What’s strange is that I know that the database I’m classifying against contains many of these species (I built the database myself). For example, the expected taxonomy for MockIM7 is k__Animalia;p__Arthropoda;c__Insecta;o__Trichoptera;f__Leptoceridae;g__Ceraclea;s__Ceraclea maculata and indeed if we search for that species in the reference database being used, there are multiple distinct sequences identified:

4161825;Insecta;Trichoptera;Leptoceridae;Ceraclea;Ceraclea maculata
8277685;Insecta;Trichoptera;Leptoceridae;Ceraclea;Ceraclea maculata
2549710;Insecta;Trichoptera;Leptoceridae;Ceraclea;Ceraclea maculata
2549712;Insecta;Trichoptera;Leptoceridae;Ceraclea;Ceraclea maculata
3747815;Insecta;Trichoptera;Leptoceridae;Ceraclea;Ceraclea maculata

So it should be identified by an alignment approach, but for some reason there isn’t any match being detected.
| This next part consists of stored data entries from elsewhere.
lemma filter_in_pb_words: "w \<in> pb_words n \<Longrightarrow> filter p w \<in> pb_words n"
  by (auto simp: pb_words_def)

lemma relator_in_pb_words: "(r, s) \<in> pb_relators n \<Longrightarrow> r \<in> pb_words n \<and> s \<in> pb_words n"
  unfolding pb_relators_def pb_words_def pb_letters_def pb_gens_def
  by auto

lemma pb_eq_imp_pb_words: "pb_eq n u v \<Longrightarrow> u \<in> pb_words n \<and> v \<in> pb_words n"
proof (induction rule: pb_eq.induct)
  case (pb_cancel u v x)
  then show ?case by (auto simp: pb_words_def pb_letters_def inv_letter_def)
next
  case (pb_rel u v r s)
  then show ?case using relator_in_pb_words[OF pb_rel(3)] by (auto simp: pb_words_def)
qed auto

lemma equiv_pb_rel: "equiv (pb_words n) (pb_rel n)"
  unfolding equiv_def refl_on_def sym_def trans_def pb_rel_def
  using pb_eq_imp_pb_words by (auto intro: pb_eq.intros)

lemma pb_class_eq_iff:
  "u \<in> pb_words n \<Longrightarrow> v \<in> pb_words n \<Longrightarrow> pb_class n u = pb_class n v \<longleftrightarrow> pb_eq n u v"
  using eq_equiv_class_iff[OF equiv_pb_rel, of u n v] by (simp add: pb_rel_def)

lemma pb_eq_append_right:
  "pb_eq n u u' \<Longrightarrow> v \<in> pb_words n \<Longrightarrow> pb_eq n (u @ v) (u' @ v)"
proof (induction rule: pb_eq.induct)
  case (pb_refl w)
  then show ?case by (auto intro: pb_eq.intros simp: pb_words_def)
next
  case (pb_cancel u v0 x)
  then show ?case using pb_eq.pb_cancel[of u n "v0 @ v" x] by (auto simp: pb_words_def)
next
  case (pb_rel u v0 r s)
  then show ?case using pb_eq.pb_rel[of u n "v0 @ v" r s] by (auto simp: pb_words_def)
qed (auto intro: pb_eq.intros)

lemma pb_eq_append_left:
  "pb_eq n v v' \<Longrightarrow> u \<in> pb_words n \<Longrightarrow> pb_eq n (u @ v) (u @ v')"
proof (induction rule: pb_eq.induct)
  case (pb_refl w)
  then show ?case by (auto intro: pb_eq.intros simp: pb_words_def)
next
  case (pb_cancel u0 v0 x)
  then show ?case using pb_eq.pb_cancel[of "u @ u0" n v0 x] by (auto simp: pb_words_def)
next
  case (pb_rel u0 v0 r s)
  then show ?case using pb_eq.pb_rel[of "u @ u0" n v0 r s] by (auto simp: pb_words_def)
qed (auto intro: pb_eq.intros)

lemma pb_eq_append: "pb_eq n u u' \<Longrightarrow> pb_eq n v v' \<Longrightarrow> pb_eq n (u @ v) (u' @ v')"
  by (meson pb_eq.pb_trans pb_eq_append_left pb_eq_append_right pb_eq_imp_pb_words)

definition word_inv :: "pb_word \<Rightarrow> pb_word" where
  "word_inv w = rev (map inv_letter w)"

lemma word_inv_in_pb_words: "w \<in> pb_words n \<Longrightarrow> word_inv w \<in> pb_words n"
  by (force simp: word_inv_def pb_words_def pb_letters_def inv_letter_def)

lemma pb_eq_word_inv_append: "w \<in> pb_words n \<Longrightarrow> pb_eq n (word_inv w @ w) []"
proof (induction w)
  case Nil
  then show ?case by (simp add: word_inv_def pb_refl pb_words_def)
next
  case (Cons x w)
  have x: "x \<in> pb_letters n" and w: "w \<in> pb_words n"
    using Cons.prems by (auto simp: pb_words_def)
  have x': "inv_letter x \<in> pb_letters n" "inv_letter (inv_letter x) = x"
    using x by (auto simp: pb_letters_def inv_letter_def)
  have "pb_eq n (word_inv w @ [inv_letter x, inv_letter (inv_letter x)] @ w) (word_inv w @ w)"
    using word_inv_in_pb_words[OF w] w x' by (intro pb_cancel)
  then have "pb_eq n (word_inv (x # w) @ x # w) (word_inv w @ w)"
    using x' by (simp add: word_inv_def)
  then show ?case using Cons.IH w pb_trans by blast
qed

lemma carrier_pure_braid_group:
  "carrier (pure_braid_group n) = {pb_class n w | w. w \<in> pb_words n}"
  by (auto simp: pure_braid_group_def quotient_def)

lemma one_pure_braid_group: "\<one>\<^bsub>pure_braid_group n\<^esub> = pb_class n []"
  by (simp add: pure_braid_group_def)

lemma pb_eq_some_in_pb_class: "u \<in> pb_words n \<Longrightarrow> pb_eq n u (SOME x. x \<in> pb_class n u)"
proof -
  assume "u \<in> pb_words n"
  then have "u \<in> pb_class n u"
    by (simp add: pb_rel_def pb_eq.pb_refl)
  then have "(SOME x. x \<in> pb_class n u) \<in> pb_class n u"
    by (rule someI)
  then show ?thesis
    by (simp add: pb_rel_def)
qed

lemma mult_pb_class:
  assumes "u \<in> pb_words n" "v \<in> pb_words n"
  shows "pb_class n u \<otimes>\<^bsub>pure_braid_group n\<^esub> pb_class n v = pb_class n (u @ v)"
proof -
  have "pb_eq n ((SOME x. x \<in> pb_class n u) @ (SOME x. x \<in> pb_class n v)) (u @ v)"
    using pb_eq_append[OF pb_eq_some_in_pb_class pb_eq_some_in_pb_class] assms
    by (blast intro: pb_eq.pb_sym)
  then have "pb_class n ((SOME x. x \<in> pb_class n u) @ (SOME x. x \<in> pb_class n v)) = pb_class n (u @ v)"
    using pb_class_eq_iff pb_eq_imp_pb_words by blast
  then show ?thesis
    by (simp add: pure_braid_group_def)
qed

lemma mult_pb_class_word_inv:
  assumes "w \<in> pb_words n"
  shows "pb_class n (word_inv w) \<otimes>\<^bsub>pure_braid_group n\<^esub> pb_class n w = \<one>\<^bsub>pure_braid_group n\<^esub>"
  using pb_eq_word_inv_append[OF assms] word_inv_in_pb_words[OF assms] assms
  by (simp add: mult_pb_class one_pure_braid_group pb_class_eq_iff append_in_pb_words)

lemma group_pure_braid_group: "group (pure_braid_group n)"
proof (rule groupI)
  fix x y
  assume "x \<in> carrier (pure_braid_group n)" "y \<in> carrier (pure_braid_group n)"
  then show "x \<otimes>\<^bsub>pure_braid_group n\<^esub> y \<in> carrier (pure_braid_group n)"
    unfolding carrier_pure_braid_group using mult_pb_class append_in_pb_words by blast
next
  show "\<one>\<^bsub>pure_braid_group n\<^esub> \<in> carrier (pure_braid_group n)"
    unfolding carrier_pure_braid_group one_pure_braid_group by (auto simp: pb_words_def)
next
  fix x y z
  assume "x \<in> carrier (pure_braid_group n)" "y \<in> carrier (pure_braid_group n)"
    "z \<in> carrier (pure_braid_group n)"
  then show "x \<otimes>\<^bsub>pure_braid_group n\<^esub> y \<otimes>\<^bsub>pure_braid_group n\<^esub> z =
      x \<otimes>\<^bsub>pure_braid_group n\<^esub> (y \<otimes>\<^bsub>pure_braid_group n\<^esub> z)"
    unfolding carrier_pure_braid_group by (auto simp: mult_pb_class append_in_pb_words)
next
  fix x
  assume "x \<in> carrier (pure_braid_group n)"
  then show "\<one>\<^bsub>pure_braid_group n\<^esub> \<otimes>\<^bsub>pure_braid_group n\<^esub> x = x"
    unfolding carrier_pure_braid_group one_pure_braid_group
    using mult_pb_class[of "[]" n] by (auto simp: pb_words_def)
next
  fix x
  assume "x \<in> carrier (pure_braid_group n)"
  then obtain w where w: "w \<in> pb_words n" "x = pb_class n w"
    unfolding carrier_pure_braid_group by blast
  then have "pb_class n (word_inv w) \<otimes>\<^bsub>pure_braid_group n\<^esub> x = \<one>\<^bsub>pure_braid_group n\<^esub>"
    by (simp add: mult_pb_class_word_inv)
  moreover have "pb_class n (word_inv w) \<in> carrier (pure_braid_group n)"
    using word_inv_in_pb_words[OF w(1)] unfolding carrier_pure_braid_group by blast
  ultimately show "\<exists>y \<in> carrier (pure_braid_group n).
      y \<otimes>\<^bsub>pure_braid_group n\<^esub> x = \<one>\<^bsub>pure_braid_group n\<^esub>"
    by blast
qed

lemma inv_pb_class:
  assumes "w \<in> pb_words n"
  shows "inv\<^bsub>pure_braid_group n\<^esub> (pb_class n w) = pb_class n (word_inv w)"
proof (rule group.inv_equality[OF group_pure_braid_group])
  show "pb_class n (word_inv w) \<otimes>\<^bsub>pure_braid_group n\<^esub> pb_class n w = \<one>\<^bsub>pure_braid_group n\<^esub>"
    using assms by (rule mult_pb_class_word_inv)
qed (use assms word_inv_in_pb_words in \<open>auto simp: carrier_pure_braid_group\<close>)

definition strands_in :: "nat set \<Rightarrow> pb_letter \<Rightarrow> bool" where
  "strands_in S x \<longleftrightarrow> fst (snd x) \<in> S \<and> snd (snd x) \<in> S"

lemma strands_in_inv_letter [simp]: "strands_in S (inv_letter x) = strands_in S x"
  by (simp add: strands_in_def inv_letter_def)

lemma P_sub_subset_pb_classes:
  "P_sub n S \<subseteq> {pb_class n w | w. w \<in> pb_words n \<and> (\<forall>x \<in> set w. strands_in S x)}"
proof
  have gen: "P a b \<in> pb_words n \<and> (\<forall>x \<in> set (P a b). strands_in S x)"
    if "a \<in> S" "b \<in> S" "a < b" "1 \<le> a" "b \<le> n" for a b
    using that by (auto simp: pb_words_def pb_letters_def pb_gens_def strands_in_def)
  fix X
  assume "X \<in> P_sub n S"
  then show "X \<in> {pb_class n w | w. w \<in> pb_words n \<and> (\<forall>x \<in> set w. strands_in S x)}"
    unfolding P_sub_def
  proof (induction rule: generate.induct)
    case one
    then show ?case by (auto simp: one_pure_braid_group)
  next
    case (incl h)
    then obtain a b where "h = pgen n a b" "a \<in> S" "b \<in> S" "a < b" "1 \<le> a" "b \<le> n"
      by blast
    with gen[of a b] show ?case by (auto simp: pgen_def)
  next
    case (inv h)
    then obtain a b where "h = pgen n a b" "a \<in> S" "b \<in> S" "a < b" "1 \<le> a" "b \<le> n"
      by blast
    with gen[of a b] show ?case
      by (auto simp: pgen_def inv_pb_class intro!: exI[of _ "word_inv (P a b)"] word_inv_in_pb_words)
         (auto simp: word_inv_def strands_in_def inv_letter_def)
  next
    case (eng h1 h2)
    then obtain u v where "h1 = pb_class n u" "u \<in> pb_words n" "\<forall>x \<in> set u. strands_in S x"
      "h2 = pb_class n v" "v \<in> pb_words n" "\<forall>x \<in> set v. strands_in S x" by blast
    then show ?case
      by (intro CollectI exI[of _ "u @ v"]) (auto simp: mult_pb_class append_in_pb_words)
  qed
qed

lemma pb_class_letter_in_P_sub:
  assumes x: "x \<in> pb_letters n" "strands_in S x"
  shows "pb_class n [x] \<in> P_sub n S"
proof -
  obtain e a b where x_eq: "x = (e, (a, b))" by (cases x)
  have ab: "P a b \<in> pb_words n"
    and gen: "pgen n a b \<in> {pgen n a b | a b. a \<in> S \<and> b \<in> S \<and> a < b \<and> 1 \<le> a \<and> b \<le> n}"
    using x x_eq by (auto simp: pb_words_def pb_letters_def pb_gens_def strands_in_def)
  show ?thesis
  proof (cases e)
    case True
    then show ?thesis unfolding P_sub_def using generate.incl[OF gen] x_eq by (simp add: pgen_def)
  next
    case False
    then show ?thesis
      unfolding P_sub_def using generate.inv[OF gen, of "pure_braid_group n"] x_eq ab
      by (simp add: pgen_def inv_pb_class word_inv_def inv_letter_def)
  qed
qed

lemma pb_class_in_P_sub:
  "w \<in> pb_words n \<Longrightarrow> \<forall>x \<in> set w. strands_in S x \<Longrightarrow> pb_class n w \<in> P_sub n S"
proof (induction w)
  case Nil
  show ?case unfolding P_sub_def one_pure_braid_group[symmetric] by (rule generate.one)
next
  case (Cons x w)
  have x: "[x] \<in> pb_words n" and w: "w \<in> pb_words n"
    using Cons.prems by (auto simp: pb_words_def)
  have "pb_class n [x] \<otimes>\<^bsub>pure_braid_group n\<^esub> pb_class n w \<in> P_sub n S"
    using Cons pb_class_letter_in_P_sub[of x n S] unfolding P_sub_def
    by (auto simp: pb_words_def intro: generate.eng)
  then show ?case using mult_pb_class[OF x w] by simp
qed

lemma P_sub_eq_pb_classes:
  "P_sub n S = {pb_class n w | w. w \<in> pb_words n \<and> (\<forall>x \<in> set w. strands_in S x)}"
  using P_sub_subset_pb_classes pb_class_in_P_sub by blast

lemma P_sub_subset_carrier: "P_sub n S \<subseteq> carrier (pure_braid_group n)"
  unfolding P_sub_def
proof (rule group.generate_incl[OF group_pure_braid_group], safe)
  fix a b
  assume "1 \<le> a" "a < b" "b \<le> n"
  then have "P a b \<in> pb_words n"
    by (auto simp: pb_words_def pb_letters_def pb_gens_def)
  then show "pgen n a b \<in> carrier (pure_braid_group n)"
    by (auto simp: pgen_def carrier_pure_braid_group)
qed

lemma P_sub_mono: "S \<subseteq> T \<Longrightarrow> P_sub n S \<subseteq> P_sub n T"
  unfolding P_sub_def by (rule group.mono_generate[OF group_pure_braid_group]) blast

subsection \<open>Forgetting strands\<close>

text \<open>Only the relation (C) with \<open>d \<notin> S\<close> needs cancellation: its two sides become
  \<open>p\<^sub>a\<^sub>,\<^sub>c p\<^sub>b\<^sub>,\<^sub>c\<^sup>-\<^sup>1 p\<^sub>b\<^sub>,\<^sub>c\<close> and \<open>p\<^sub>b\<^sub>,\<^sub>c\<^sup>-\<^sup>1 p\<^sub>b\<^sub>,\<^sub>c p\<^sub>a\<^sub>,\<^sub>c\<close>. Otherwise both sides are kept, or become equal.\<close>

lemma pb_eq_filter_strands_in_relator:
  assumes rs: "(r, s) \<in> pb_relators n"
  shows "pb_eq n (filter (strands_in S) r) (filter (strands_in S) s)"
proof -
  have words: "r \<in> pb_words n" "s \<in> pb_words n"
    using relator_in_pb_words[OF rs] by auto
  have "(filter (strands_in S) r = r \<and> filter (strands_in S) s = s)
    \<or> filter (strands_in S) r = filter (strands_in S) s
    \<or> (\<exists>a b c. filter (strands_in S) r = P a c @ [(False, (b, c)), (True, (b, c))] \<and>
          filter (strands_in S) s = [(False, (b, c)), (True, (b, c))] @ P a c \<and>
          (a, c) \<in> pb_gens n \<and> (b, c) \<in> pb_gens n)"
    using rs unfolding pb_relators_def
    by (elim UnE CollectE exE conjE) (auto simp: strands_in_def pb_gens_def)
  then show ?thesis
  proof (elim disjE exE conjE)
    assume "filter (strands_in S) r = r" "filter (strands_in S) s = s"
    then show ?thesis using pb_eq.pb_rel[of "[]" n "[]" r s] rs by (simp add: pb_words_def)
  next
    assume "filter (strands_in S) r = filter (strands_in S) s"
    then show ?thesis using filter_in_pb_words[OF words(2)] by (simp add: pb_refl)
  next
    fix a b c
    assume r': "filter (strands_in S) r = P a c @ [(False, (b, c)), (True, (b, c))]"
      and s': "filter (strands_in S) s = [(False, (b, c)), (True, (b, c))] @ P a c"
      and "(a, c) \<in> pb_gens n" "(b, c) \<in> pb_gens n"
    then have x: "(False, (b, c)) \<in> pb_letters n" "inv_letter (False, (b, c)) = (True, (b, c))"
      and ac: "P a c \<in> pb_words n"
      by (auto simp: pb_letters_def inv_letter_def pb_words_def)
    have "pb_eq n (P a c @ [(False, (b, c)), (True, (b, c))] @ []) (P a c @ [])"
      using pb_cancel[OF ac Nil_in_pb_words x(1)] x(2) by simp
    moreover have "pb_eq n ([] @ [(False, (b, c)), (True, (b, c))] @ P a c) ([] @ P a c)"
      using pb_cancel[OF Nil_in_pb_words ac x(1)] x(2) by simp
    ultimately show ?thesis
      unfolding r' s' by (auto intro: pb_eq.pb_sym pb_eq.pb_trans)
  qed
qed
I’d appreciate any insights on to how to further troubleshoot.

Cheers,
Devon

:+1: that is where I would start too. Surprising that there is no impact. Note that Unassigned is indicating that there is no hit at all, so maxaccepts does not matter — this does not even make it past vsearch/blast.

Are you sure the sequences in your mock community resemble the reference sequences? You may want to check those reference sequences to make sure that they are not too short; if the reference is shorter than the query that likely spells trouble for the alignment-based classifiers but not kmer-based.
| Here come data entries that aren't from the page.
lemma norm_add_le_mod_smooth:
  fixes u y :: "'a::real_normed_vector"
  assumes u: "norm u = 1" and f: "is_duality f u" and fy: "f y = 0" and r: "2 * norm y \<le> r"
  shows "norm (u + y) \<le> 1 + mod_smooth TYPE('a) r"
proof (cases "y = 0")
  case True
  thus ?thesis using mod_smooth_nonneg[OF u, of r] r u by simp
next
  case False
  have fu: "f u = 1" and f_le: "\<bar>f x\<bar> \<le> norm x" for x
    using f u norm_blinfun[of f x] unfolding is_duality_def by auto
  have "0 < norm y" using False by simp
  hence "0 < r" using r by linarith
  define \<mu> where "\<mu> = norm y / r"
  have \<mu>: "0 < \<mu>" "2 * \<mu> \<le> 1" using \<open>0 < norm y\<close> \<open>0 < r\<close> r by (auto simp: \<mu>_def field_simps)
  define Y where "Y = inverse \<mu> *\<^sub>R y"
  have "norm Y = r" using \<open>0 < norm y\<close> \<open>0 < r\<close> by (simp add: Y_def \<mu>_def)
  hence \<rho>: "(norm (u + Y) + norm (u - Y)) / 2 - 1 \<le> mod_smooth TYPE('a) r"
    using mod_smooth_ge[OF u, of Y] by simp
  have "1 \<le> norm (u + Y)" "1 \<le> norm (u - Y)"
    using f_le[of "u + Y"] f_le[of "u - Y"] fu fy
    by (simp_all add: Y_def blinfun.add_right blinfun.diff_right blinfun.scaleR_right)
  hence Y: "norm (u + Y) - 1 \<le> 2 * mod_smooth TYPE('a) r" "0 \<le> mod_smooth TYPE('a) r"
    using \<rho> by (simp_all add: field_simps)
  have "u + y = (1 - \<mu>) *\<^sub>R u + \<mu> *\<^sub>R (u + Y)"
    using \<mu> by (simp add: Y_def algebra_simps)
  hence "norm (u + y) \<le> (1 - \<mu>) + \<mu> * norm (u + Y)"
    using norm_triangle_ineq[of "(1 - \<mu>) *\<^sub>R u" "\<mu> *\<^sub>R (u + Y)"] \<mu> u by simp
  also have "\<dots> = 1 + \<mu> * (norm (u + Y) - 1)" by (simp add: algebra_simps)
  also have "\<dots> \<le> 1 + \<mu> * (2 * mod_smooth TYPE('a) r)"
    using Y \<mu> by (simp add: mult_left_mono)
  also have "\<dots> \<le> 1 + mod_smooth TYPE('a) r"
    using Y \<mu> mult_right_mono[of "2 * \<mu>" 1 "mod_smooth TYPE('a) r"] by simp
  finally show ?thesis .
qed

lemma norm_le_mod_smooth_of_residual:
  fixes u w :: "'a::real_normed_vector"
  assumes u: "norm u = 1" and f: "is_duality f u"
    and res: "norm (w - f w *\<^sub>R u) \<le> c * \<bar>f w\<bar>" and r: "2 * c \<le> r"
  shows "norm w \<le> (1 + mod_smooth TYPE('a) r) * \<bar>f w\<bar>"
proof (cases "f w = 0")
  case True
  thus ?thesis using res by simp
next
  case False
  have fu: "f u = 1" using f u unfolding is_duality_def by simp
  define y where "y = inverse (f w) *\<^sub>R (w - f w *\<^sub>R u)"
  have w: "w = f w *\<^sub>R (u + y)" using False by (simp add: y_def algebra_simps)
  have "f y = 0" using False fu by (simp add: y_def blinfun.diff_right blinfun.scaleR_right)
  moreover have "norm y = norm (w - f w *\<^sub>R u) / \<bar>f w\<bar>"
    by (simp add: y_def divide_inverse_commute)
  hence "norm y \<le> c"
    using res False by (simp add: pos_divide_le_eq)
  hence "2 * norm y \<le> r" using r by simp
  ultimately have "norm (u + y) \<le> 1 + mod_smooth TYPE('a) r"
    by (rule norm_add_le_mod_smooth[OF u f])
  thus ?thesis by (subst w) (simp add: mult.commute mult_left_mono)
qed

lemma J_proj_diff:
  "J_proj q u x - J_proj q u y = duality_map u (x - y) *\<^sub>R u"
  by (simp add: J_proj_def blinfun.diff_right algebra_simps)

lemma norm_J_proj_diff_le:
  assumes "norm u = 1" "is_duality (duality_map u) u"
  shows "norm (J_proj q u x - J_proj q u y) \<le> norm (x - y)"
  using assms norm_blinfun[of "duality_map u" "x - y"]
  by (simp add: J_proj_diff is_duality_def)

lemma norm_sub_J_proj_le_infdist:
  assumes u: "norm u = 1" and f: "is_duality (duality_map u) u"
  shows "norm (x - J_proj q u x) \<le> 2 * infdist x (line q u)"
proof -
  have "norm (x - J_proj q u x) \<le> 2 * dist x a" if "a \<in> line q u" for a
  proof -
    obtain s where a: "a = q + s *\<^sub>R u" using \<open>a \<in> line q u\<close> unfolding line_def by auto
    have "x - J_proj q u x = (x - a) - duality_map u (x - a) *\<^sub>R u"
      using f u by (simp add: a J_proj_def is_duality_def blinfun.diff_right blinfun.add_right
          blinfun.scaleR_right algebra_simps)
    also have "norm \<dots> \<le> 2 * norm (x - a)"
      using norm_triangle_ineq4[of "x - a" "duality_map u (x - a) *\<^sub>R u"]
        norm_blinfun[of "duality_map u" "x - a"] f u by (simp add: is_duality_def)
    finally show ?thesis by (simp add: dist_norm)
  qed
  moreover have "line q u \<noteq> {}" unfolding line_def by simp
  ultimately have "norm (x - J_proj q u x) / 2 \<le> infdist x (line q u)"
    unfolding infdist_notempty[OF \<open>line q u \<noteq> {}\<close>]
    by (intro cINF_greatest) (auto simp: field_simps)
  thus ?thesis by simp
qed

lemma norm_residual_le_infdist:
  assumes u: "norm u = 1" and f: "is_duality (duality_map u) u"
    and "infdist x (line q u) \<le> d" "infdist y (line q u) \<le> d"
  shows "norm ((x - y) - duality_map u (x - y) *\<^sub>R u) \<le> 4 * d"
proof -
  have "(x - y) - duality_map u (x - y) *\<^sub>R u = (x - J_proj q u x) - (y - J_proj q u y)"
    unfolding J_proj_diff[of q u x y, symmetric] by (simp add: algebra_simps)
  hence "norm ((x - y) - duality_map u (x - y) *\<^sub>R u) \<le> norm (x - J_proj q u x) + norm (y - J_proj q u y)"
    by (metis norm_triangle_ineq4)
  also have "\<dots> \<le> 4 * d"
    using norm_sub_J_proj_le_infdist[OF u f, of x q] norm_sub_J_proj_le_infdist[OF u f, of y q] assms(3,4)
    by linarith
  finally show ?thesis .
qed

theorem mainTheorem14:
  fixes V :: "'a::banach set" and \<delta> \<alpha> :: real and q u :: 'a
  assumes smooth: "uniformly_smooth TYPE('a)"
    and delta_pos: "\<delta> > 0"
    and sep: "\<forall>v\<in>V. \<forall>w\<in>V. v \<noteq> w \<longrightarrow> norm (v - w) \<ge> \<delta>"
    and two: "\<exists>v\<in>V. \<exists>w\<in>V. v \<noteq> w"
    and unit: "norm u = 1"
    and alpha: "0 \<le> \<alpha>" "\<alpha> \<le> 43 / 1224"
    and close: "\<forall>x\<in>V. infdist x (line q u) \<le> \<alpha> * \<delta>"
  shows "\<forall>v1\<in>V. \<forall>v2\<in>V.
     norm (J_proj q u v1 - J_proj q u v2) \<le> norm (v1 - v2) \<and>
     norm (v1 - v2) \<le> (1 + mod_smooth TYPE('a) (102 * \<alpha>)) * norm (J_proj q u v1 - J_proj q u v2)"
proof (intro ballI conjI)
  fix v1 v2 assume v1: "v1 \<in> V" and v2: "v2 \<in> V"
  let ?f = "duality_map u" and ?w = "v1 - v2"
  have f: "is_duality ?f u" by (rule is_duality_duality_map[OF unit smooth])
  show "norm (J_proj q u v1 - J_proj q u v2) \<le> norm ?w"
    by (rule norm_J_proj_diff_le[OF unit f])
  have proj: "norm (J_proj q u v1 - J_proj q u v2) = \<bar>?f ?w\<bar>"
    using unit by (simp add: J_proj_diff)
  have res: "norm (?w - ?f ?w *\<^sub>R u) \<le> 4 * (\<alpha> * \<delta>)"
    using norm_residual_le_infdist[OF unit f] close v1 v2 by blast
  show "norm ?w \<le> (1 + mod_smooth TYPE('a) (102 * \<alpha>)) * norm (J_proj q u v1 - J_proj q u v2)"
  proof (cases "v1 = v2")
    case False
    have "\<delta> \<le> norm ?w" using sep v1 v2 False by blast
    also have "\<dots> \<le> \<bar>?f ?w\<bar> + 4 * \<alpha> * \<delta>"
      using res norm_triangle_ineq2[of ?w "?f ?w *\<^sub>R u"] unit by simp
    finally have "(1 - 4 * \<alpha>) * \<delta> \<le> \<bar>?f ?w\<bar>" by (simp add: algebra_simps)
    \<comment> \<open>the bound on \<alpha> enters only through 4 \<le> 51 (1 - 4 \<alpha>)\<close>
    hence "4 * \<alpha> * \<delta> \<le> 51 * \<alpha> * \<bar>?f ?w\<bar>"
      using alpha delta_pos mult_left_mono[of "51 * (1 - 4 * \<alpha>) * \<delta>" "51 * \<bar>?f ?w\<bar>" \<alpha>]
        mult_right_mono[of 4 "51 * (1 - 4 * \<alpha>)" "\<alpha> * \<delta>"]
      by (simp add: algebra_simps)
    with res have "norm (?w - ?f ?w *\<^sub>R u) \<le> 51 * \<alpha> * \<bar>?f ?w\<bar>" by linarith
    thus ?thesis
      unfolding proj by (rule norm_le_mod_smooth_of_residual[OF unit f]) simp
  qed simp
qed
Important question: are those classifications species that you expect?

Since you are getting the same problem with the sintax classifier, it seems pretty clear that this is probably some discordance between your mock community and the reference sequences.

Please start there and let us know what you find, maybe share some pairwise alignment visualizations!

Thanks @Nicholas_Bokulich,
I’m wondering if this is something to do with the QIIME2 implementation of VSEARCH… I’m finding a discordance between standalone VSEARCH and QIIME 2’s version. Here’s what I did for just a single mock sequence:

I pulled out all the sequences in the reference database that matched the species name expected for mock community member IM7 (saved as $DB below). I then pulled out the mock sequence for IM7 (saved as $QRY below). I then ran stand alone VSEARCH with this command:

vsearch \
--usearch_global $QRY \
--db $DB \
--id 0.97 \
--blast6out cmac.vsearch.out.txt

… and I get the following result:

Query   target  pid    qlen  mmatch    gaps   qstart   qend  sstart   send
MockIM7 2549701 100.0   204     0       0       1       228     1       658     -1      0

This makes me think that there is a good alignment here… am I misreading the output?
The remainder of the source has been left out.